Nispeten birbirine yakın nöronlar ortasında, en kestirme kontaklar sayesinde kurulan bağlantı, direkt bir bağlam oluşturur ve bu ekseriyetle düzyazının özelliğidir.
Uzak nöronlar ortasında, karmaşık ve çetrefil irtibatlar sayesinde kurulan bağ, direkt olmasa da çağrışımlar yoluyla bir bağlam oluşturur ki, bu da şiirin, bilhassa imge ağır şiirin özelliğidir.

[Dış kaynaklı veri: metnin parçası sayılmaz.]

(* Let $(X,\Sigma,\mu)$ be a measure space, $n,l\ge1$, $\mathbb{F}\in\{\mathbb{R},\mathbb{C}\}$, $(X_j)_{j\in[1,l]}$ a partition of $X$ into measurable subsets, $h\in L^2(X,\mu;\mathbb{F})$, and define $W:L^2(X,\mu;\mathbb{F}^n)\to\prod_{j\in[1,l]}\mathbb{F}^n$ by $W(F)=\big(\int_{X_j}h(x)f_x\,d\mu(x)\big)_{j\in[1,l]}$. Let $D\in\prod_{j\in[1,l]}\mathbb{F}^n$ be such that $W^{-1}(\{D\})$ contains a continuous frame. Then $\mathcal{F}^{\mathbb{F}}_{(X,\mu),n}\cap W^{-1}(\{D\})$ is dense in $W^{-1}(\{D\})$ (for the norm of $L^2(X,\mu;\mathbb{F}^n)$).
   Context: A family $\Phi=(\varphi_x)_{x\in X}$ in $\mathbb{F}^n$ (with measurable coordinates) is a continuous frame indexed by $(X,\mu)$ if there are $0<A\le B$ with $A\|v\|^2\le\int_X|\langle v,\varphi_x\rangle|^2d\mu(x)\le B\|v\|^2$ for all $v\in\mathbb{F}^n$. $\mathcal{F}^{\mathbb{F}}_{(X,\mu),n}$ denotes the set of such frames, viewed as a subset of $L^2(X,\mu;\mathbb{F}^n)$ (equivalently, the elements of $L^2(X,\mu;\mathbb{F}^n)$ whose coordinate functions are linearly independent in $L^2(X,\mu;\mathbb{F})$). *)

theory Defs
  imports "HOL-Analysis.Analysis"
begin

text \<open>Definitions are generic in the
scalar type 'f and take the conjugation map cj (id for real, cnj for complex), so
that the standard inner product on F^n is  v . w = sum_i v_i * cj (w_i).\<close>

definition fn_inner :: "('f::real_normed_field \<Rightarrow> 'f) \<Rightarrow> 'f^'n \<Rightarrow> 'f^'n \<Rightarrow> 'f" where
  "fn_inner cj v w = (\<Sum>i\<in>UNIV. v $ i * cj (w $ i))"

Uzak ya da yakın nöronlar ortasında kurulan rastlantısal ve ortalarında hiçbir bağlam münasebeti olmayan bağlantıya ise “fikir uçuşması” ismi verilir. Bu da psikozlarda görülen, “şizofrenik dil” olarak da isimlendirilen bir lisandır ki, düzyazıyla da şiirle de bir alakası yoktur.
Şimdi asıl soruya gelelim. Şiir ne işe fayda? Şiir, zihnin daha verimli çalışmasını ve hayal gücünün güçlenmesini sağlar. Ortalarında direkt alaka yokmuş üzere görülen olaylar ve olguların art planındaki irtibatları fark etmemizi, hayatı, doğrusal değil, çok istikametli tahlil etmemizi sağlar. Ve dahası…
Kısacası şiir, yalnızca yol açıcı değil, tıpkı vakitte yolak açıcıdır.